By Verne Kopytoff
FORTUNE -- Flickr, the online photo sharing service, seemed to be heading for the big-time when Yahoo acquired it eight years ago. The site already had a lot going for it: legions of devoted users, a team of respected founders, and a headstart on the social media phenomenon. But Yahoo screwed up its potential bonanza. Executives starved Flickr of resources and tangled it in bureaucracy while other photo sharing services like Facebook and Instagram gained traction.
Marissa Mayer, Yahoo's (YHOO) chief executive, is now trying to avoid those pitfalls with Yahoo's latest acquisition, Tumblr, the fast-growing online blogging service. The planned $1.1 billion deal, announced Monday, is intended to reignite Yahoo's stagnant business by making its services more appealing to young people. Mayer's plan is to give Tumblr the independence that Flickr lacked. It's a strategy, she pointed out, that paid off handsomely for other companies and their big acquisitions.
"When we look at super-scale acquisitions like eBay-PayPal (EBAY), Google-YouTube (GOOG), a meme arises," Mayer said at a press conference Monday after being asked about how she'll avoid the past mistakes with Flickr. "Those companies have so much momentum, and they often do better when operated independently. Learning from that history is why we made a commitment to operate Tumblr independently."
The ghost of Flickr -- along with a number of other failed acquisitions over the years like GeoCities, Broadcast.com, and Delicious -- haunts Yahoo to this day. Until recently, startup founders thought twice about selling their companies to Yahoo for fear that their hard work would be left to whither on the vine or killed off. Mayer, who became Yahoo's chief executive last year, long after Flickr's struggles started, has gone to great lengths to repair the company's image. Over the past few months, she's acquired several startups, most notably, Summly, which automatically summarizes news articles for people using mobile devices.
Tumblr is Mayer's biggest bet so far. It will remain in its own New York office, apart from Yahoo's other New York staff, to preserve its culture of innovation. David Karp, the 26-year-old high school dropout who founded the service, will remain in charge and report directly to Mayer.
How much autonomy he'll have is unclear. Spending unlimited amounts of money is unlikely. Big companies have limited budgets and a lot of priorities.
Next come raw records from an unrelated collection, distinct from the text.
definition has_divergence :: "(real^'n \<Rightarrow> real^'n) \<Rightarrow> real \<Rightarrow> real^'n \<Rightarrow> bool" where
  "has_divergence G d x \<longleftrightarrow>
     (\<exists>DG. (G has_derivative DG) (at x) \<and> d = (\<Sum>i\<in>UNIV. DG (axis i 1) $ i))"

definition flux :: "real \<Rightarrow> real \<Rightarrow> real^'n \<Rightarrow> real^'n \<Rightarrow> real^'n" where
  "flux chi u gu gv =
     (u / sqrt (u\<^sup>2 + (norm gu)\<^sup>2)) *\<^sub>R gu - (chi * u / sqrt (1 + (norm gv)\<^sup>2)) *\<^sub>R gv"

definition classical_sol ::
  "real \<Rightarrow> real \<Rightarrow> ereal \<Rightarrow> (real^'n \<Rightarrow> real) \<Rightarrow>
   (real^'n \<Rightarrow> real \<Rightarrow> real) \<Rightarrow> (real^'n \<Rightarrow> real \<Rightarrow> real) \<Rightarrow> bool" where
  "classical_sol R chi T u0 u v \<longleftrightarrow>
    (let S = {(x,t). x \<in> cball 0 R \<and> 0 \<le> t \<and> ereal t < T};
         I = {t. 0 \<le> t \<and> ereal t < T};
         \<mu> = mean_ball R u0 in
    (\<exists>(gu :: real^'n \<Rightarrow> real \<Rightarrow> real^'n) (Hu :: real^'n \<Rightarrow> real \<Rightarrow> real^'n^'n) ut
       (gv :: real^'n \<Rightarrow> real \<Rightarrow> real^'n) (Hv :: real^'n \<Rightarrow> real \<Rightarrow> real^'n^'n).
      continuous_on S (\<lambda>(x,t). u x t) \<and> continuous_on S (\<lambda>(x,t). gu x t) \<and>
      continuous_on S (\<lambda>(x,t). Hu x t) \<and> continuous_on S (\<lambda>(x,t). ut x t) \<and>
      continuous_on S (\<lambda>(x,t). v x t) \<and> continuous_on S (\<lambda>(x,t). gv x t) \<and>
      continuous_on S (\<lambda>(x,t). Hv x t) \<and>
      (\<forall>(x,t)\<in>S. ((\<lambda>y. u y t) has_derivative (\<lambda>h. gu x t \<bullet> h)) (at x within cball 0 R)) \<and>
      (\<forall>(x,t)\<in>S. ((\<lambda>y. gu y t) has_derivative (\<lambda>h. Hu x t *v h)) (at x within cball 0 R)) \<and>
      (\<forall>(x,t)\<in>S. ((\<lambda>s. u x s) has_real_derivative ut x t) (at t within I)) \<and>
      (\<forall>(x,t)\<in>S. ((\<lambda>y. v y t) has_derivative (\<lambda>h. gv x t \<bullet> h)) (at x within cball 0 R)) \<and>
      (\<forall>(x,t)\<in>S. ((\<lambda>y. gv y t) has_derivative (\<lambda>h. Hv x t *v h)) (at x within cball 0 R)) \<and>
      (\<forall>(x,t)\<in>S. u x t > 0 \<and> v x t > 0) \<and>
      (\<forall>t\<in>I. radial (\<lambda>x. u x t) \<and> radial (\<lambda>x. v x t)) \<and>
      (\<forall>x\<in>ball 0 R. \<forall>t. 0 < t \<and> ereal t < T \<longrightarrow>
         has_divergence (\<lambda>y. flux chi (u y t) (gu y t) (gv y t)) (ut x t) x) \<and>
      (\<forall>x\<in>ball 0 R. \<forall>t. 0 < t \<and> ereal t < T \<longrightarrow>
         0 = (\<Sum>i\<in>UNIV. Hv x t $ i $ i) - \<mu> + u x t) \<and>
      (\<forall>x. norm x = R \<longrightarrow> (\<forall>t. 0 < t \<and> ereal t < T \<longrightarrow>
         flux chi (u x t) (gu x t) (gv x t) \<bullet> ((1/R) *\<^sub>R x) = 0)) \<and>
      (\<forall>x\<in>cball 0 R. u x 0 = u0 x)))"

definition maximal_sol ::
  "real \<Rightarrow> real \<Rightarrow> ereal \<Rightarrow> (real^'n \<Rightarrow> real) \<Rightarrow>
   (real^'n \<Rightarrow> real \<Rightarrow> real) \<Rightarrow> (real^'n \<Rightarrow> real \<Rightarrow> real) \<Rightarrow> bool" where
  "maximal_sol R chi Tmax u0 u v \<longleftrightarrow> 0 < Tmax \<and> classical_sol R chi Tmax u0 u v \<and>
    (\<forall>T' u' v'. Tmax < T' \<longrightarrow> classical_sol R chi T' u0 u' v' \<longrightarrow>
       \<not> (\<forall>x\<in>cball 0 R. \<forall>t. 0 \<le> t \<and> ereal t < Tmax \<longrightarrow> u' x t = u x t))"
On its own, Tumblr is believed to have little revenue, although that is supposed to change in 2014, according to Yahoo.
In acquiring Flickr, Yahoo executives also promised the service's founders that they would have some autonomy. To a certain extent, Yahoo kept its word by letting Flickr remain an independent site and keeping Yahoo branding on it to a minimum. However, Stewart Butterfield, who co-founded Flickr with his then wife, Caterina Fake, and continued to lead the service until leaving in 2008, complained that Yahoo executives pinched pennies when Flickr needed upgrades. Inaction slowed Flickr's international expansion, Butterfield said, and stalled a project that would have given more visibility to photos of breaking news events.
After Butterfield's departure, Flickr continued to stagnate. A late push into mobile, for example, left the market wide open to a number of new rivals like Instagram. Flickr didn't release an iPhone app until 2009 -- two years after the first iPhone -- while its first Android app premiered in 2011.
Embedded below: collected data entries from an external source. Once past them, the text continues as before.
(* Let $0<\epsilon<1$ and let $\bar b,\bar w>0$ satisfy $b/2\le \bar b\le 2b$ and $w/6\le \bar w\le 6w$. Then the number of butterflies of $G$ all four of whose edges are non-light (with respect to $\bar b,\bar w,\epsilon$) is at most $c_H\epsilon b$, where $c_H=1.77\times 10^4$.
   Context: Let $G=(V,E)$ be a bipartite graph with bipartition $V=U\cup L$ and $m=|E|$ edges; $d_v$ is the degree of vertex $v$, and for an edge $e=(u,v)$ let $d_e=d_u+d_v-2$. A wedge is a path with two edges; $w$ is the number of wedges of $G$. A butterfly is a set $\{u_1,u_2,v_1,v_2\}$ of distinct vertices with $u_1,u_2\in U$, $v_1,v_2\in L$ such that all four pairs $u_iv_j$ are edges; its edges are these four edges. $b$ is the number of butterflies and $b(e)$ the number of butterflies containing edge $e$. Given $\bar b,\bar w,\epsilon>0$, an edge $e$ is heavy if $b(e)>2\bar b^{3/4}/\epsilon^{1/4}$ or $d_e>\bar w/(\epsilon\bar b)^{1/4}$; it is light if $b(e)<\bar b^{3/4}/(2\epsilon^{1/4})$ and $d_e<\bar w/(\epsilon\bar b)^{1/4}$. An edge is non-light if it is not light (an edge may be neither heavy nor light). *)

theory Defs
  imports Complex_Main
begin

definition bipartite_graph :: "'a set \<Rightarrow> 'a set \<Rightarrow> ('a \<times> 'a) set \<Rightarrow> bool" where
  "bipartite_graph U L E \<longleftrightarrow> finite U \<and> finite L \<and> U \<inter> L = {} \<and> E \<subseteq> U \<times> L"

definition degree :: "('a \<times> 'a) set \<Rightarrow> 'a \<Rightarrow> nat" where
  "degree E v = card {e \<in> E. fst e = v \<or> snd e = v}"

definition edge_degree :: "('a \<times> 'a) set \<Rightarrow> 'a \<times> 'a \<Rightarrow> real" where
  "edge_degree E e = real (degree E (fst e)) + real (degree E (snd e)) - 2"

definition wedges :: "('a \<times> 'a) set \<Rightarrow> ('a \<times> 'a) set set" where
  "wedges E = {{e1, e2} | e1 e2. e1 \<in> E \<and> e2 \<in> E \<and> e1 \<noteq> e2 \<and>
      {fst e1, snd e1} \<inter> {fst e2, snd e2} \<noteq> {}}"

definition wedge_count :: "('a \<times> 'a) set \<Rightarrow> nat" where
  "wedge_count E = card (wedges E)"

definition butterflies :: "'a set \<Rightarrow> 'a set \<Rightarrow> ('a \<times> 'a) set \<Rightarrow> 'a set set" where
  "butterflies U L E = {{u1, u2, v1, v2} | u1 u2 v1 v2.
      u1 \<in> U \<and> u2 \<in> U \<and> v1 \<in> L \<and> v2 \<in> L \<and> u1 \<noteq> u2 \<and> v1 \<noteq> v2 \<and>
      (u1, v1) \<in> E \<and> (u1, v2) \<in> E \<and> (u2, v1) \<in> E \<and> (u2, v2) \<in> E}"

definition butterfly_edges :: "('a \<times> 'a) set \<Rightarrow> 'a set \<Rightarrow> ('a \<times> 'a) set" where
  "butterfly_edges E B = {e \<in> E. fst e \<in> B \<and> snd e \<in> B}"

definition butterfly_count :: "'a set \<Rightarrow> 'a set \<Rightarrow> ('a \<times> 'a) set \<Rightarrow> nat" where
  "butterfly_count U L E = card (butterflies U L E)"

definition edge_butterfly_count :: "'a set \<Rightarrow> 'a set \<Rightarrow> ('a \<times> 'a) set \<Rightarrow> 'a \<times> 'a \<Rightarrow> nat" where
  "edge_butterfly_count U L E e = card {B \<in> butterflies U L E. e \<in> butterfly_edges E B}"

definition light :: "'a set \<Rightarrow> 'a set \<Rightarrow> ('a \<times> 'a) set \<Rightarrow> real \<Rightarrow> real \<Rightarrow> real \<Rightarrow> 'a \<times> 'a \<Rightarrow> bool" where
  "light U L E bb ww eps e \<longleftrightarrow>
     real (edge_butterfly_count U L E e) < bb powr (3/4) / (2 * eps powr (1/4)) \<and>
     edge_degree E e < ww / (eps * bb) powr (1/4)"

definition heavy :: "'a set \<Rightarrow> 'a set \<Rightarrow> ('a \<times> 'a) set \<Rightarrow> real \<Rightarrow> real \<Rightarrow> real \<Rightarrow> 'a \<times> 'a \<Rightarrow> bool" where
  "heavy U L E bb ww eps e \<longleftrightarrow>
     real (edge_butterfly_count U L E e) > 2 * bb powr (3/4) / eps powr (1/4) \<or>
     edge_degree E e > ww / (eps * bb) powr (1/4)"

end

theory Submission
  imports Defs
begin

text \<open>A non-light edge e has b(e) \<ge> X or d_e \<ge> Y, where X and Y are the two light thresholds.
  Double counting gives \<Sum>b(e) = 4b and \<Sum>d_e = 2w (in a bipartite graph d_e is the number of
  edges sharing an endpoint with e, and every wedge is seen from both of its edges), so by
  Markov's inequality there are at most 4b/X + 2w/Y \<le> 30 (\<epsilon>b)^(1/4) non-light edges.
  A butterfly all of whose edges lie in an edge set H is determined by an ordered pair of
  opposite edges in H, so there are at most |H|^2/4 of them, hence at most |H|^4/64 because
  |H| \<ge> 4 as soon as there is one. This gives the bound 30^4 \<epsilon>b/64 < 1.77 \<cdot> 10^4 \<epsilon>b.\<close>

lemma bipartite_graph_finite_edges: "bipartite_graph U L E \<Longrightarrow> finite E"
  unfolding bipartite_graph_def by (meson finite_SigmaI finite_subset)

lemma finite_butterflies: "bipartite_graph U L E \<Longrightarrow> finite (butterflies U L E)"
  unfolding bipartite_graph_def butterflies_def
  by (rule finite_subset[of _ "Pow (U \<union> L)"]) auto

lemma card_threshold_mult_le_sum:
  fixes f :: "'b \<Rightarrow> real"
  assumes "finite A" "\<And>x. x \<in> A \<Longrightarrow> 0 \<le> f x"
  shows "real (card {x \<in> A. t \<le> f x}) * t \<le> sum f A"
proof -
  have "real (card {x \<in> A. t \<le> f x}) * t = (\<Sum>x\<in>{x \<in> A. t \<le> f x}. t)" by simp
  also have "\<dots> \<le> (\<Sum>x\<in>{x \<in> A. t \<le> f x}. f x)" by (rule sum_mono) auto
  also have "\<dots> \<le> sum f A" by (rule sum_mono2) (use assms in auto)
  finally show ?thesis .
qed

lemma butterflyE:
  assumes "bipartite_graph U L E" "B \<in> butterflies U L E"
  obtains u1 u2 v1 v2 where "B = {u1, u2, v1, v2}" "u1 \<in> U" "u2 \<in> U" "v1 \<in> L" "v2 \<in> L"
    "u1 \<noteq> u2" "v1 \<noteq> v2" "butterfly_edges E B = {(u1, v1), (u1, v2), (u2, v1), (u2, v2)}"
proof -
  obtain u1 u2 v1 v2 where B: "B = {u1, u2, v1, v2}" "u1 \<in> U" "u2 \<in> U" "v1 \<in> L" "v2 \<in> L"
    "u1 \<noteq> u2" "v1 \<noteq> v2" "(u1, v1) \<in> E" "(u1, v2) \<in> E" "(u2, v1) \<in> E" "(u2, v2) \<in> E"
    using assms(2) unfolding butterflies_def by blast
  have "butterfly_edges E B \<subseteq> {u1, u2} \<times> {v1, v2}"
  proof
    fix e assume "e \<in> butterfly_edges E B"
    then have "fst e \<in> B \<inter> U" "snd e \<in> B \<inter> L"
      using assms(1) unfolding butterfly_edges_def bipartite_graph_def by auto
    moreover have "B \<inter> U = {u1, u2}" "B \<inter> L = {v1, v2}"
      using assms(1) B(1-5) unfolding bipartite_graph_def by auto
    ultimately show "e \<in> {u1, u2} \<times> {v1, v2}" unfolding mem_Times_iff by blast
  qed
  then have "butterfly_edges E B = {(u1, v1), (u1, v2), (u2, v1), (u2, v2)}"
    using B unfolding butterfly_edges_def by auto
  with B show ?thesis using that by blast
qed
Mayer made a point to say that Yahoo has installed an entirely new management team in recent years. The implication is that executives will be much more attentive when Tumblr needs resources. "It all comes down to people," Mayer said. "We have an all-new executive management team."
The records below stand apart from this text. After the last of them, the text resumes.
lemma abs_u_le_integral:
  assumes t: "t \<in> {0..T}"
  shows "\<bar>u t\<bar> \<le> (\<bar>u 0\<bar> * (1 + \<bar>c\<bar> * T) + \<bar>c\<bar> * T * P + integral {0..T} (\<lambda>s. \<bar>f s\<bar>))
    + (\<bar>b\<bar> + \<bar>c\<bar>) * integral {0..t} (\<lambda>s. \<bar>u s\<bar>)"
proof -
  have sub: "{0..t} \<subseteq> {0..T}"
    using t by auto
  define V where "V s = \<bar>u (max 0 (s - \<tau>))\<bar>" for s
  define F U W where "F = integral {0..t} (\<lambda>s. \<bar>f s\<bar>)" and "U = integral {0..t} (\<lambda>s. \<bar>u s\<bar>)"
    and "W = integral {0..t} V"
  have fi: "(\<lambda>s. \<bar>f s\<bar>) integrable_on {0..t}"
    by (rule integrable_on_subinterval[OF f_integrable(3) sub])
  have ui: "(\<lambda>s. \<bar>u s\<bar>) integrable_on {0..t}"
    by (rule integrable_continuous_real[OF continuous_on_subset[OF abs_u_cont sub]])
  have Vi: "V integrable_on {0..t}"
    unfolding V_def
    by (intro integrable_continuous_real continuous_on_compose2[OF abs_u_cont] continuous_intros)
      (use t delay in auto)
  have const: "((\<lambda>s. P) has_integral t * P) {0..t}"
    using has_integral_const_real[of P 0 t] t by simp
  have majorant: "((\<lambda>s. \<bar>f s\<bar> + \<bar>b\<bar> * \<bar>u s\<bar> + \<bar>c\<bar> * (P + V s)) has_integral
      F + \<bar>b\<bar> * U + \<bar>c\<bar> * (t * P + W)) {0..t}"
    unfolding F_def U_def W_def
    by (intro has_integral_add has_integral_mult_right integrable_integral fi ui Vi const)
  have "norm (integral {0..t} g) \<le> integral {0..t} (\<lambda>s. \<bar>f s\<bar> + \<bar>b\<bar> * \<bar>u s\<bar> + \<bar>c\<bar> * (P + V s))"
  proof (rule integral_norm_bound_integral)
    show "g integrable_on {0..t}"
      by (rule integrable_on_subinterval[OF g_integrable(1) sub])
    show "(\<lambda>s. \<bar>f s\<bar> + \<bar>b\<bar> * \<bar>u s\<bar> + \<bar>c\<bar> * (P + V s)) integrable_on {0..t}"
      using majorant by blast
  next
    fix s assume s: "s \<in> {0..t}"
    have "\<bar>c\<bar> * \<bar>w s\<bar> \<le> \<bar>c\<bar> * (P + V s)"
      using abs_w_le[of s] s sub unfolding V_def by (intro mult_left_mono) auto
    then show "norm (g s) \<le> \<bar>f s\<bar> + \<bar>b\<bar> * \<bar>u s\<bar> + \<bar>c\<bar> * (P + V s)"
      using f_eq[of s] abs_mult[of b "u s"] abs_mult[of c "w s"] by simp linarith
  qed
  also have "\<dots> = F + \<bar>b\<bar> * U + \<bar>c\<bar> * (t * P + W)"
    using majorant by (rule integral_unique)
  finally have g_bound: "\<bar>integral {0..t} g\<bar> \<le> F + \<bar>b\<bar> * U + \<bar>c\<bar> * (t * P + W)"
    by simp
  have "F \<le> integral {0..T} (\<lambda>s. \<bar>f s\<bar>)"
    unfolding F_def by (rule integral_subset_le[OF sub fi f_integrable(3)]) simp
  moreover have "\<bar>c\<bar> * (t * P + W) \<le> \<bar>c\<bar> * (T * P + T * \<bar>u 0\<bar> + U)"
  proof (rule mult_left_mono)
    have "W \<le> \<tau> * \<bar>u 0\<bar> + U"
      unfolding W_def V_def U_def by (rule integral_delay_le[OF abs_u_cont _ delay(1) t]) simp
    moreover have "t * P \<le> T * P" "\<tau> * \<bar>u 0\<bar> \<le> T * \<bar>u 0\<bar>"
      using t delay P_nonneg by (auto intro: mult_right_mono)
    ultimately show "t * P + W \<le> T * P + T * \<bar>u 0\<bar> + U"
      by linarith
  qed simp
  moreover have "\<bar>u t\<bar> \<le> \<bar>u 0\<bar> + \<bar>integral {0..t} g\<bar>"
    using u_eq[OF t] by simp
  ultimately have "\<bar>u t\<bar> \<le> \<bar>u 0\<bar> + integral {0..T} (\<lambda>s. \<bar>f s\<bar>) + \<bar>b\<bar> * U
      + \<bar>c\<bar> * (T * P + T * \<bar>u 0\<bar> + U)"
    using g_bound by linarith
  then show ?thesis
    unfolding U_def by (simp add: algebra_simps)
qed

lemma sup_bound:
  assumes t: "t \<in> {0..T}"
  shows "\<bar>u t\<bar> \<le> exp ((\<bar>b\<bar> + \<bar>c\<bar>) * T) *
    (\<bar>u 0\<bar> * (1 + \<bar>c\<bar> * T) + \<bar>c\<bar> * T * P + sqrt T * sqrt (integral {0..T} (\<lambda>s. (f s)\<^sup>2)))"
proof -
  define A where "A = \<bar>u 0\<bar> * (1 + \<bar>c\<bar> * T) + \<bar>c\<bar> * T * P + integral {0..T} (\<lambda>s. \<bar>f s\<bar>)"
  have "0 \<le> integral {0..T} (\<lambda>s. \<bar>f s\<bar>)"
    by (rule integral_nonneg[OF f_integrable(3)]) simp
  then have A_nonneg: "0 \<le> A"
    unfolding A_def using delay P_nonneg by simp
  have "\<bar>u t\<bar> \<le> A * exp ((\<bar>b\<bar> + \<bar>c\<bar>) * t)"
    unfolding A_def by (rule gronwall_exp_bound[OF abs_u_cont _ abs_u_le_integral t]) simp
  also have "\<dots> \<le> A * exp ((\<bar>b\<bar> + \<bar>c\<bar>) * T)"
    using A_nonneg t by (auto intro!: mult_left_mono)
  also have "\<dots> \<le> exp ((\<bar>b\<bar> + \<bar>c\<bar>) * T) *
      (\<bar>u 0\<bar> * (1 + \<bar>c\<bar> * T) + \<bar>c\<bar> * T * P + sqrt T * sqrt (integral {0..T} (\<lambda>s. (f s)\<^sup>2)))"
    using integral_abs_le_sqrt_integral_square[OF f_integrable(1) f_integrable(3)] delay
    by (simp add: A_def mult.commute)
  finally show ?thesis .
qed

lemma energy_bound:
  assumes M: "\<And>t. t \<in> {0..T} \<Longrightarrow> \<bar>u t\<bar> \<le> M"
  shows "integral {0..T} (\<lambda>t. (u t)\<^sup>2 + (g t)\<^sup>2)
    \<le> 3 * integral {0..T} (\<lambda>t. (f t)\<^sup>2) + T * ((1 + 3 * b\<^sup>2) * M\<^sup>2 + 3 * c\<^sup>2 * (M + P)\<^sup>2)"
proof -
  define K where "K = (1 + 3 * b\<^sup>2) * M\<^sup>2 + 3 * c\<^sup>2 * (M + P)\<^sup>2"
  have pointwise: "(u t)\<^sup>2 + (g t)\<^sup>2 \<le> 3 * (f t)\<^sup>2 + K" if t: "t \<in> {0..T}" for t
  proof -
    have "0 \<le> M"
      using M[OF t] by linarith
    have u2: "(u t)\<^sup>2 \<le> M\<^sup>2"
      using M[OF t] \<open>0 \<le> M\<close> by (simp add: power2_le_iff_abs_le)
    have "\<bar>w t\<bar> \<le> M + P"
      using abs_w_le[OF t] M[of "max 0 (t - \<tau>)"] t delay by auto
    then have w2: "(w t)\<^sup>2 \<le> (M + P)\<^sup>2"
      using \<open>0 \<le> M\<close> P_nonneg by (simp add: power2_le_iff_abs_le)
    have "(g t)\<^sup>2 = (f t + (- b * u t) + (- c * w t))\<^sup>2"
      by (simp add: f_eq)
    also have "\<dots> \<le> 3 * ((f t)\<^sup>2 + b\<^sup>2 * (u t)\<^sup>2 + c\<^sup>2 * (w t)\<^sup>2)"
      using square_sum3_le[of "f t" "- b * u t" "- c * w t"] by (simp add: power_mult_distrib)
    also have "\<dots> \<le> 3 * ((f t)\<^sup>2 + b\<^sup>2 * M\<^sup>2 + c\<^sup>2 * (M + P)\<^sup>2)"
      using mult_left_mono[OF u2, of "b\<^sup>2"] mult_left_mono[OF w2, of "c\<^sup>2"] by simp
    finally show ?thesis
      using u2 unfolding K_def by (simp add: algebra_simps)
  qed
  have "integral {0..T} (\<lambda>t. (u t)\<^sup>2 + (g t)\<^sup>2) \<le> integral {0..T} (\<lambda>t. 3 * (f t)\<^sup>2 + K)"
  proof (rule integral_le)
    show "(\<lambda>t. (u t)\<^sup>2 + (g t)\<^sup>2) integrable_on {0..T}"
      by (rule integrable_add[OF integrable_continuous_real g_integrable(2)])
        (intro continuous_intros u_cont)
    show "(\<lambda>t. 3 * (f t)\<^sup>2 + K) integrable_on {0..T}"
      by (intro integrable_add integrable_on_mult_right f_integrable(1) integrable_const_ivl)
  qed (rule pointwise)
  also have "\<dots> = 3 * integral {0..T} (\<lambda>t. (f t)\<^sup>2) + T * K"
    using integral_add[OF integrable_on_mult_right[OF f_integrable(1), of 3]
        integrable_const_ivl[of K 0 T]] delay
    by simp
  finally show ?thesis
    unfolding K_def .
qed

end

locale rooted_tree_problem =
  fixes m d :: nat and k :: "nat \<Rightarrow> nat" and T b c :: "nat \<Rightarrow> real" and \<tau> :: real
  assumes tree: "rooted_tree m d k"
    and tau_nonneg: "0 \<le> \<tau>" and tau_less: "\<And>j. j \<in> {1..m} \<Longrightarrow> \<tau> < T j"
begin

abbreviation cost :: "(nat \<Rightarrow> real \<Rightarrow> real) \<Rightarrow> (nat \<Rightarrow> real \<Rightarrow> real) \<Rightarrow> real" where
  "cost v g \<equiv> JJ m k T \<tau> b c v g"

lemma edge_length_pos: "j \<in> {1..m} \<Longrightarrow> 0 < T j"
  using tau_nonneg tau_less[of j] by linarith

lemma parent_mem:
  assumes "j \<in> {1..m}" and "j \<noteq> 1"
  shows "k j \<in> {1..m}"
proof -
  have "j \<in> {2..m}"
    using assms by auto
  then have "k j \<in> {1..d}" and "d < m"
    using tree unfolding rooted_tree_def by blast+
  then show ?thesis
    by auto
qed

lemma cost_nonneg: "0 \<le> cost v g"
  unfolding JJ_def by (rule sum_nonneg) (rule integral_square_nonneg)

lemma integral_ell_square_le_cost:
  "j \<in> {1..m} \<Longrightarrow> integral {0..T j} (\<lambda>t. (ell k T \<tau> b c v g j t)\<^sup>2) \<le> cost v g"
  unfolding JJ_def by (rule member_le_sum) (simp_all add: integral_square_nonneg)

lemma inW_W21:
  assumes W: "inW m d k T \<tau> v g" and j: "j \<in> {1..m}"
  shows "W21 (v j) (g j) 0 (T j)"
proof (cases "j = 1")
  case True
  have "W21 (v 1) (g 1) (- \<tau>) (T 1)"
    using W unfolding inW_def by blast
  moreover have "0 \<in> {- \<tau>..T 1}"
    using tau_nonneg edge_length_pos[of 1] True j by simp
  ultimately show ?thesis
    using True by (simp add: W21_subinterval)
next
  case False
  then have "j \<in> {2..m}"
    using j by simp
  then show ?thesis
    using W unfolding inW_def by blast
qed

lemma inW_delay_edge:
  assumes W: "inW m d k T \<tau> v g" and j: "j \<in> {1..m}" and "0 \<le> P"
    and parent: "j \<noteq> 1 \<Longrightarrow> \<forall>s\<in>{0..T (k j)}. \<bar>v (k j) s\<bar> \<le> P"
  shows "delay_edge (v j) (g j) (delayed k T \<tau> v j) (ell k T \<tau> b c v g j) (T j) \<tau> (b j) (c j) P"
proof -
  have history: "continuous_on {0..<\<tau>} (delayed k T \<tau> v j)
      \<and> (\<forall>t\<in>{0..<\<tau>}. \<bar>delayed k T \<tau> v j t\<bar> \<le> P)"
  proof (cases "j = 1")
    case True
    have "\<forall>t\<in>{-\<tau>..0}. v 1 t = 0"
      using W unfolding inW_def by blast
    then have zero: "delayed k T \<tau> v j t = 0" if "t \<in> {0..<\<tau>}" for t
      using that True by (simp add: delayed_def)
    have "continuous_on {0..<\<tau>} (delayed k T \<tau> v j)"
      by (rule continuous_on_eq[OF continuous_on_const]) (simp add: zero)
    then show ?thesis
      using zero \<open>0 \<le> P\<close> by simp
  next
    case False
    have p: "k j \<in> {1..m}"
      by (rule parent_mem[OF j False])
    have delayed_eq: "delayed k T \<tau> v j t = v (k j) (t - \<tau> + T (k j))" if "t \<in> {0..<\<tau>}" for t
      using that False by (simp add: delayed_def)
    have shift: "t - \<tau> + T (k j) \<in> {0..T (k j)}" if "t \<in> {0..<\<tau>}" for t
      using that tau_less[OF p] by auto
    have "continuous_on {0..<\<tau>} (\<lambda>t. v (k j) (t - \<tau> + T (k j)))"
      by (rule continuous_on_compose2[OF W21_continuous_on[OF inW_W21[OF W p]]])
        (use shift in \<open>auto intro!: continuous_intros\<close>)
    then have "continuous_on {0..<\<tau>} (delayed k T \<tau> v j)"
      by (rule continuous_on_eq) (simp add: delayed_eq)
    then show ?thesis
      using delayed_eq parent[OF False] shift by simp
  qed
  show ?thesis
  proof
    show "0 \<le> \<tau>" "\<tau> < T j"
      using tau_nonneg tau_less[OF j] by simp_all
    show "W21 (v j) (g j) 0 (T j)"
      by (rule inW_W21[OF W j])
    show "continuous_on {0..<\<tau>} (delayed k T \<tau> v j)"
      "\<And>t. t \<in> {0..<\<tau>} \<Longrightarrow> \<bar>delayed k T \<tau> v j t\<bar> \<le> P"
      using history by simp_all
    show "0 \<le> P"
      by fact
    show "\<And>t. t \<in> {\<tau>..T j} \<Longrightarrow> delayed k T \<tau> v j t = v j (t - \<tau>)"
      by (simp add: delayed_def)
    show "\<And>t. ell k T \<tau> b c v g j t = g j t + b j * v j t + c j * delayed k T \<tau> v j t"
      by (simp add: ell_def)
  qed
qed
Tumblr gives Yahoo a springboard into social media, an area in which it has failed to make much progress. Instead, Yahoo has had to watch as others like Facebook (FB) reap the rewards. Flickr, with its once-tight community of photo enthusiasts who commented on each other's images, could have been a launching pad for a social network. But Yahoo executives, who discussed the idea publicly, never carried through with it as they instead focused on keeping up with Google in search.
Flickr lives on, of course. In fact, Mayer's press conference Monday focused on upgrades to Flickr including 1 terabyte of free storage, high-resolution images, and a new page design. Whether it's too little too late remains to be seen. Mayer effused optimism, saying: "Flickr was awesome once, and it languished. We're going to make it awesome again."
Startup hopes new verified ID badges will attract more users.
FORTUNE -- Starting April 30, Airbnb will go to even greater lengths to insure you are who you say you are, online and in the real world. The apartment-sharing site will begin rolling out a verified identification program that matches digital identity -- via social networking sites -- with real-world proof -- a photo ID. Once members have been verified, Airbnb MOREJessi Hempel, writer - Apr 30, 2013 12:00 PM ET
Last's week's Twitter-fueled crash erased $136 billion in value in minutes, underscoring concerns about companies' use of social media.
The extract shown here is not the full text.